Long Lake is an unincorporated community in Anderson County, in the U.S. state of Texas. It is located within the Palestine, Texas micropolitan area.

History
Long Lake was supposedly named for the nearby Long Lake, and was originally part of a large  plantation that was purchased by Hugo Monnig in 1911. Even though this plantation developed the production of cotton, it became a trading and shipping port for agriculture in the surrounding area, since it was located on a former International-Great Northern Railroad. A man named A.L. Bowers unsuccessfully drilled many wells in the settlement in 1913 and several oil and gas wells created a profit that developed in the nearby lake's oilfield and the nearby Tucker by the Tidewater and Texas Seaboard Oil Company in 1932 and 1933. This field was thought to have been the largest in East Texas in the 1930s. It had five businesses and 125 inhabitants in 1939. There was a temporary oil boom that occurred in the community and had an estimated population of 40 from 1949 to 1966. Several scattered houses and a church were located in Long Lake in 1982, with the church standing about half a mile east of the community.

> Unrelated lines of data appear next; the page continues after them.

(* Let $\mathcal{F}$ be the set of all non-increasing functions $f:[0,1]\to\mathbb{R}$. Then $\mathsf{dis}(\mathcal{F}) \le 2$.
   Context: For a measurable space $\mathcal{X}$ and a class $\mathcal{F}$ of measurable functions $\mathcal{X}\to\mathbb{R}$, the disagreement coefficient is $$\mathsf{dis}(\mathcal{F}) = \sup_{\varepsilon,\delta>0}\ \sup_{\nu\in\Delta(\mathcal{X})} \frac{\delta^2}{\varepsilon^2}\,\mathbb{P}_{p\sim\nu}\Big(\exists f\in\mathcal{F}:\ \mathbb{E}_{q\sim\nu}[f(q)^2]\le\varepsilon^2\ \text{and}\ |f(p)|>\delta\Big),$$ where $\Delta(\mathcal{X})$ is the set of probability measures on $\mathcal{X}$. *)

theory Defs
  imports "HOL-Probability.Probability"
begin

definition prob_measures :: "'a measure \<Rightarrow> 'a measure set" where
  "prob_measures X = {\<nu>. prob_space \<nu> \<and> sets \<nu> = sets X}"

definition dis :: "'a measure \<Rightarrow> ('a \<Rightarrow> real) set \<Rightarrow> ereal" where
  "dis X F = (SUP t \<in> {(\<epsilon>, \<delta>, \<nu>). \<epsilon> > 0 \<and> \<delta> > 0 \<and> \<nu> \<in> prob_measures X}.
      (case t of (\<epsilon>, \<delta>, \<nu>) \<Rightarrow>
        ereal (\<delta>\<^sup>2 / \<epsilon>\<^sup>2 * measure \<nu>
          {p \<in> space \<nu>. \<exists>f\<in>F. (\<integral>q. (f q)\<^sup>2 \<partial>\<nu>) \<le> \<epsilon>\<^sup>2 \<and> \<bar>f p\<bar> > \<delta>})))"

definition unit_interval :: "real measure" where
  "unit_interval = restrict_space borel {0..1}"

definition nonincreasing_fns :: "(real \<Rightarrow> real) set" where
  "nonincreasing_fns = {f. \<forall>x\<in>{0..1}. \<forall>y\<in>{0..1}. x \<le> y \<longrightarrow> f y \<le> f x}"

end

theory Submission
  imports Defs
begin

text \<open>
  If a non-increasing f with \<open>\<integral>f\<^sup>2 d\<nu> \<le> \<epsilon>\<^sup>2\<close> has \<open>f p > \<delta>\<close>, then \<open>f > \<delta>\<close> on [0, p],
  so Chebyshev gives \<open>\<nu>[0, p] \<le> \<epsilon>\<^sup>2/\<delta>\<^sup>2\<close>; if \<open>f p < -\<delta>\<close>, then likewise
  \<open>\<nu>[p, 1] \<le> \<epsilon>\<^sup>2/\<delta>\<^sup>2\<close>. The union of all intervals [0, p] with \<open>\<nu>[0, p] \<le> \<epsilon>\<^sup>2/\<delta>\<^sup>2\<close>
  is [0, a] or [0, a), and in the second case its mass is the limit of \<open>\<nu>[0, p]\<close>
  as p increases to a, hence again at most \<open>\<epsilon>\<^sup>2/\<delta>\<^sup>2\<close>. The same holds for the
  intervals [p, 1], so the disagreement region has mass at most \<open>2\<epsilon>\<^sup>2/\<delta>\<^sup>2\<close>.
\<close>

lemma is_interval_UN_atMost: "is_interval (\<Union>p\<in>A. {..p::real})"
  by (auto simp: is_interval_1) (meson order_trans)

lemma (in finite_borel_measure) measure_UN_atMost_le:
  assumes "bdd_above A" and "0 \<le> c" and bound: "\<And>p. p \<in> A \<Longrightarrow> measure M {..p} \<le> c"
  shows "measure M (\<Union>p\<in>A. {..p}) \<le> c"
proof (cases "A = {}")
  case True
  then show ?thesis using \<open>0 \<le> c\<close> by simp
next
  case False
  define a where "a = Sup A"
  have below_a: "p \<le> a" if "p \<in> A" for p
    unfolding a_def by (rule cSup_upper[OF that \<open>bdd_above A\<close>])
  show ?thesis
  proof (cases "a \<in> A")
    case True
    then have "(\<Union>p\<in>A. {..p}) = {..a}" using below_a by fastforce
    then show ?thesis using bound[OF True] by simp
  next
    case False
    have above_x: "\<exists>p\<in>A. x < p" if "x < a" for x
      using that less_cSup_iff[OF \<open>A \<noteq> {}\<close> \<open>bdd_above A\<close>] unfolding a_def by blast
    have cdf_le: "cdf M x \<le> c" if "x < a" for x
    proof -
      obtain p where "p \<in> A" "x < p" using above_x[OF \<open>x < a\<close>] by blast
      then have "cdf M x \<le> cdf M p" by (intro cdf_nondecreasing) simp
      then show ?thesis using bound[OF \<open>p \<in> A\<close>] by (simp add: cdf_def2)
    qed
    have below_strict: "p < a" if "p \<in> A" for p
      using below_a[OF that] False that by (cases "p = a") auto
    have "(\<Union>p\<in>A. {..p}) = {..<a}"
      using below_strict above_x by (auto intro: le_less_trans) (meson less_imp_le)
    moreover have "measure M {..<a} \<le> c"
      by (rule tendsto_upperbound[OF cdf_at_left]) (auto simp: eventually_at_filter cdf_le)
    ultimately show ?thesis by simp
  qed
qed

lemma sublevel_union_in_sets:
  fixes g :: "'a \<Rightarrow> real"
  assumes "g \<in> borel_measurable M"
  shows "{x \<in> space M. \<exists>p\<in>A. g x \<le> p} \<in> sets M"
proof -
  have "{x \<in> space M. \<exists>p\<in>A. g x \<le> p} = g -` (\<Union>p\<in>A. {..p}) \<inter> space M"
    by auto
  then show ?thesis
    using assms real_interval_borel_measurable[OF is_interval_UN_atMost]
    by (simp add: measurable_sets)
qed

lemma (in finite_measure) measure_sublevel_union_le:
  fixes g :: "'a \<Rightarrow> real"
  assumes g: "g \<in> borel_measurable M" and "bdd_above A" and "0 \<le> c"
    and bound: "\<And>p. p \<in> A \<Longrightarrow> measure M {x \<in> space M. g x \<le> p} \<le> c"
  shows "measure M {x \<in> space M. \<exists>p\<in>A. g x \<le> p} \<le> c"
proof -
  interpret image: finite_borel_measure "distr M borel g"
    using finite_measure_distr[OF g]
    by (simp add: finite_borel_measure_def finite_borel_measure_axioms_def)
  have distr_eq: "measure (distr M borel g) S = measure M (g -` S \<inter> space M)"
    if "S \<in> sets borel" for S
    using that g by (simp add: measure_distr)
  have "measure (distr M borel g) (\<Union>p\<in>A. {..p}) \<le> c"
  proof (rule image.measure_UN_atMost_le[OF \<open>bdd_above A\<close> \<open>0 \<le> c\<close>])
    fix p assume "p \<in> A"
    have "g -` {..p} \<inter> space M = {x \<in> space M. g x \<le> p}" by auto
    then show "measure (distr M borel g) {..p} \<le> c"
      using bound[OF \<open>p \<in> A\<close>] by (simp add: distr_eq)
  qed
  moreover have "g -` (\<Union>p\<in>A. {..p}) \<inter> space M = {x \<in> space M. \<exists>p\<in>A. g x \<le> p}"
    by auto
  ultimately show ?thesis
    using real_interval_borel_measurable[OF is_interval_UN_atMost] by (simp add: distr_eq)
qed

lemma space_unit_interval: "space unit_interval = {0..1}"
  by (simp add: unit_interval_def space_restrict_space)

lemma nonincreasing_fns_measurable:
  assumes "f \<in> nonincreasing_fns"
  shows "f \<in> borel_measurable unit_interval"
proof -
  have "mono_on {0..1} (\<lambda>x. - f x)"
    using assms unfolding nonincreasing_fns_def mono_on_def by auto
  then have "(\<lambda>x. - f x) \<in> borel_measurable unit_interval"
    unfolding unit_interval_def by (rule borel_measurable_mono_on_fnc)
  then show ?thesis
    using borel_measurable_uminus by fastforce
qed

lemma nonincreasing_fns_abs_le:
  assumes "f \<in> nonincreasing_fns" and "x \<in> {0..1}"
  shows "\<bar>f x\<bar> \<le> max \<bar>f 0\<bar> \<bar>f 1\<bar>"
proof -
  have "f 1 \<le> f x" "f x \<le> f 0"
    using assms unfolding nonincreasing_fns_def by auto
  then show ?thesis by linarith
qed

lemma integrable_square_nonincreasing:
  assumes "finite_measure \<nu>" and sets: "sets \<nu> = sets unit_interval"
    and f: "f \<in> nonincreasing_fns"
  shows "integrable \<nu> (\<lambda>x. (f x)\<^sup>2)"
proof (rule finite_measure.integrable_const_bound[OF \<open>finite_measure \<nu>\<close>])
  have "space \<nu> = {0..1}"
    using sets_eq_imp_space_eq[OF sets] by (simp add: space_unit_interval)
  then have "norm ((f x)\<^sup>2) \<le> (max \<bar>f 0\<bar> \<bar>f 1\<bar>)\<^sup>2" if "x \<in> space \<nu>" for x
    using nonincreasing_fns_abs_le[OF f, of x] that
    by (metis abs_ge_zero abs_power2 power_mono real_norm_def power2_abs)
  then show "AE x in \<nu>. norm ((f x)\<^sup>2) \<le> (max \<bar>f 0\<bar> \<bar>f 1\<bar>)\<^sup>2"
    by (rule AE_I2)
  have "f \<in> borel_measurable \<nu>"
    using nonincreasing_fns_measurable[OF f] by (simp add: measurable_cong_sets[OF sets refl])
  then show "(\<lambda>x. (f x)\<^sup>2) \<in> borel_measurable \<nu>"
    by simp
qed

lemma measure_le_second_moment:
  assumes "finite_measure \<nu>" and sets: "sets \<nu> = sets unit_interval"
    and f: "f \<in> nonincreasing_fns" and "0 < \<delta>"
    and T: "T \<subseteq> space \<nu>" "\<And>x. x \<in> T \<Longrightarrow> \<delta> \<le> \<bar>f x\<bar>"
  shows "measure \<nu> T \<le> (\<integral>x. (f x)\<^sup>2 \<partial>\<nu>) / \<delta>\<^sup>2"
proof -
  interpret finite_measure \<nu> by fact
  have f_meas: "f \<in> borel_measurable \<nu>"
    using nonincreasing_fns_measurable[OF f] measurable_cong_sets[OF sets refl] by blast
  have "measure \<nu> T \<le> measure \<nu> {x \<in> space \<nu>. \<bar>f x\<bar> \<ge> \<delta>}"
    using T f_meas by (intro finite_measure_mono) auto
  also have "\<dots> \<le> (\<integral>x. (f x)\<^sup>2 \<partial>\<nu>) / \<delta>\<^sup>2"
    using f_meas integrable_square_nonincreasing[OF assms(1-3)] \<open>0 < \<delta>\<close>
    by (intro second_moment_method) auto
  finally show ?thesis .
qed

lemma nonincreasing_tail_measure_le:
  assumes "finite_measure \<nu>" and sets: "sets \<nu> = sets unit_interval"
    and f: "f \<in> nonincreasing_fns" "(\<integral>q. (f q)\<^sup>2 \<partial>\<nu>) \<le> \<epsilon>\<^sup>2"
    and p: "p \<in> {0..1}" and "0 < \<delta>" "\<delta> < \<bar>f p\<bar>"
  shows "measure \<nu> {x \<in> space \<nu>. x \<le> p} \<le> \<epsilon>\<^sup>2 / \<delta>\<^sup>2
    \<or> measure \<nu> {x \<in> space \<nu>. p \<le> x} \<le> \<epsilon>\<^sup>2 / \<delta>\<^sup>2"
proof -
  have space: "space \<nu> = {0..1}"
    using sets_eq_imp_space_eq[OF sets] by (simp add: space_unit_interval)
  have bound: "measure \<nu> T \<le> \<epsilon>\<^sup>2 / \<delta>\<^sup>2"
    if T: "T \<subseteq> space \<nu>" "\<And>x. x \<in> T \<Longrightarrow> \<delta> \<le> \<bar>f x\<bar>" for T
  proof -
    have "measure \<nu> T \<le> (\<integral>q. (f q)\<^sup>2 \<partial>\<nu>) / \<delta>\<^sup>2"
      by (rule measure_le_second_moment[OF assms(1) sets f(1) \<open>0 < \<delta>\<close> T])
    also have "\<dots> \<le> \<epsilon>\<^sup>2 / \<delta>\<^sup>2"
      using f(2) by (simp add: divide_right_mono)
    finally show ?thesis .
  qed
  have mono: "f y \<le> f x" if "x \<le> y" "x \<in> {0..1}" "y \<in> {0..1}" for x y
    using f(1) that unfolding nonincreasing_fns_def by auto
  consider "f p > \<delta>" | "f p < - \<delta>" using \<open>\<delta> < \<bar>f p\<bar>\<close> by linarith
  then show ?thesis
  proof cases
    case 1
    then have "measure \<nu> {x \<in> space \<nu>. x \<le> p} \<le> \<epsilon>\<^sup>2 / \<delta>\<^sup>2"
      using mono p space by (intro bound) force+
    then show ?thesis ..
  next
    case 2
    then have "measure \<nu> {x \<in> space \<nu>. p \<le> x} \<le> \<epsilon>\<^sup>2 / \<delta>\<^sup>2"
      using mono p space by (intro bound) force+
    then show ?thesis ..
  qed
qed

lemma disagreement_region_measure_le:
  assumes \<nu>: "\<nu> \<in> prob_measures unit_interval" and "0 < \<delta>"
  shows "measure \<nu> {p \<in> space \<nu>. \<exists>f\<in>nonincreasing_fns.
           (\<integral>q. (f q)\<^sup>2 \<partial>\<nu>) \<le> \<epsilon>\<^sup>2 \<and> \<bar>f p\<bar> > \<delta>} \<le> 2 * (\<epsilon>\<^sup>2 / \<delta>\<^sup>2)"
    (is "measure \<nu> ?S \<le> _")
proof -
  interpret prob_space \<nu> using \<nu> by (simp add: prob_measures_def)
  have sets: "sets \<nu> = sets unit_interval" using \<nu> by (simp add: prob_measures_def)
  have space: "space \<nu> = {0..1}"
    using sets_eq_imp_space_eq[OF sets] by (simp add: space_unit_interval)
  define c where "c = \<epsilon>\<^sup>2 / \<delta>\<^sup>2"
  define L where "L = {p \<in> {0..1}. measure \<nu> {x \<in> space \<nu>. x \<le> p} \<le> c}"
  define R where "R = {q \<in> {-1..0}. measure \<nu> {x \<in> space \<nu>. - x \<le> q} \<le> c}"
  let ?left = "{x \<in> space \<nu>. \<exists>p\<in>L. x \<le> p}"
  let ?right = "{x \<in> space \<nu>. \<exists>q\<in>R. - x \<le> q}"
  have id_meas: "(\<lambda>x. x) \<in> borel_measurable \<nu>"
    and neg_meas: "(\<lambda>x. - x) \<in> borel_measurable \<nu>"
    unfolding measurable_cong_sets[OF sets refl] unit_interval_def
    by (auto intro: measurable_restrict_space1)
  have "bdd_above L" "bdd_above R"
    unfolding L_def R_def by (auto intro: bdd_aboveI)
  moreover have "0 \<le> c"
    unfolding c_def by simp
  ultimately have "measure \<nu> ?left \<le> c" "measure \<nu> ?right \<le> c"
    using measure_sublevel_union_le[OF id_meas] measure_sublevel_union_le[OF neg_meas]
    unfolding L_def R_def by blast+
  have "?S \<subseteq> ?left \<union> ?right"
  proof
    fix p assume "p \<in> ?S"
    then obtain f where "p \<in> {0..1}" "f \<in> nonincreasing_fns"
      "(\<integral>q. (f q)\<^sup>2 \<partial>\<nu>) \<le> \<epsilon>\<^sup>2" "\<bar>f p\<bar> > \<delta>"
      using space by auto
    then have "p \<in> L \<or> - p \<in> R"
      using nonincreasing_tail_measure_le[OF _ sets, of f \<epsilon> p \<delta>] \<open>0 < \<delta>\<close>
      unfolding L_def R_def c_def by (auto intro: finite_measure_axioms)
    then show "p \<in> ?left \<union> ?right"
      using \<open>p \<in> {0..1}\<close> space by force
  qed
  then have "measure \<nu> ?S \<le> measure \<nu> (?left \<union> ?right)"
    using sublevel_union_in_sets[OF id_meas] sublevel_union_in_sets[OF neg_meas]
    by (intro finite_measure_mono) auto
  also have "\<dots> \<le> measure \<nu> ?left + measure \<nu> ?right"
    using sublevel_union_in_sets[OF id_meas] sublevel_union_in_sets[OF neg_meas]
    by (intro measure_Un_le) auto
  finally show ?thesis
    using \<open>measure \<nu> ?left \<le> c\<close> \<open>measure \<nu> ?right \<le> c\<close> unfolding c_def by linarith
qed

theorem mainTheorem3:
  shows "dis unit_interval nonincreasing_fns \<le> 2"
  unfolding dis_def
proof (rule SUP_least, clarify)
  fix \<epsilon> \<delta> :: real and \<nu>
  assume "0 < \<epsilon>" "0 < \<delta>" and \<nu>: "\<nu> \<in> prob_measures unit_interval"
  let ?S = "{p \<in> space \<nu>. \<exists>f\<in>nonincreasing_fns. (\<integral>q. (f q)\<^sup>2 \<partial>\<nu>) \<le> \<epsilon>\<^sup>2 \<and> \<bar>f p\<bar> > \<delta>}"
  have "\<delta>\<^sup>2 / \<epsilon>\<^sup>2 * measure \<nu> ?S \<le> \<delta>\<^sup>2 / \<epsilon>\<^sup>2 * (2 * (\<epsilon>\<^sup>2 / \<delta>\<^sup>2))"
    using disagreement_region_measure_le[OF \<nu> \<open>0 < \<delta>\<close>, where \<epsilon> = \<epsilon>]
    by (intro mult_left_mono) simp_all
  also have "\<dots> = 2"
    using \<open>0 < \<epsilon>\<close> \<open>0 < \<delta>\<close> by (simp add: field_simps)
  finally show "ereal (\<delta>\<^sup>2 / \<epsilon>\<^sup>2 * measure \<nu> ?S) \<le> 2" by simp
qed

end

The oilfields to the north of the community continued to operate in 1985.

Geography
Long Lake sits along the Union Pacific line, U.S. Highway 84 and U.S. Highway 79 along the Trinity River,  southwest of Palestine in southwestern Anderson County.

Education
Long Lake had its own school in 1939 as well as a school called Green Bay High School in 1982. Today the community is served by the Westwood Independent School District.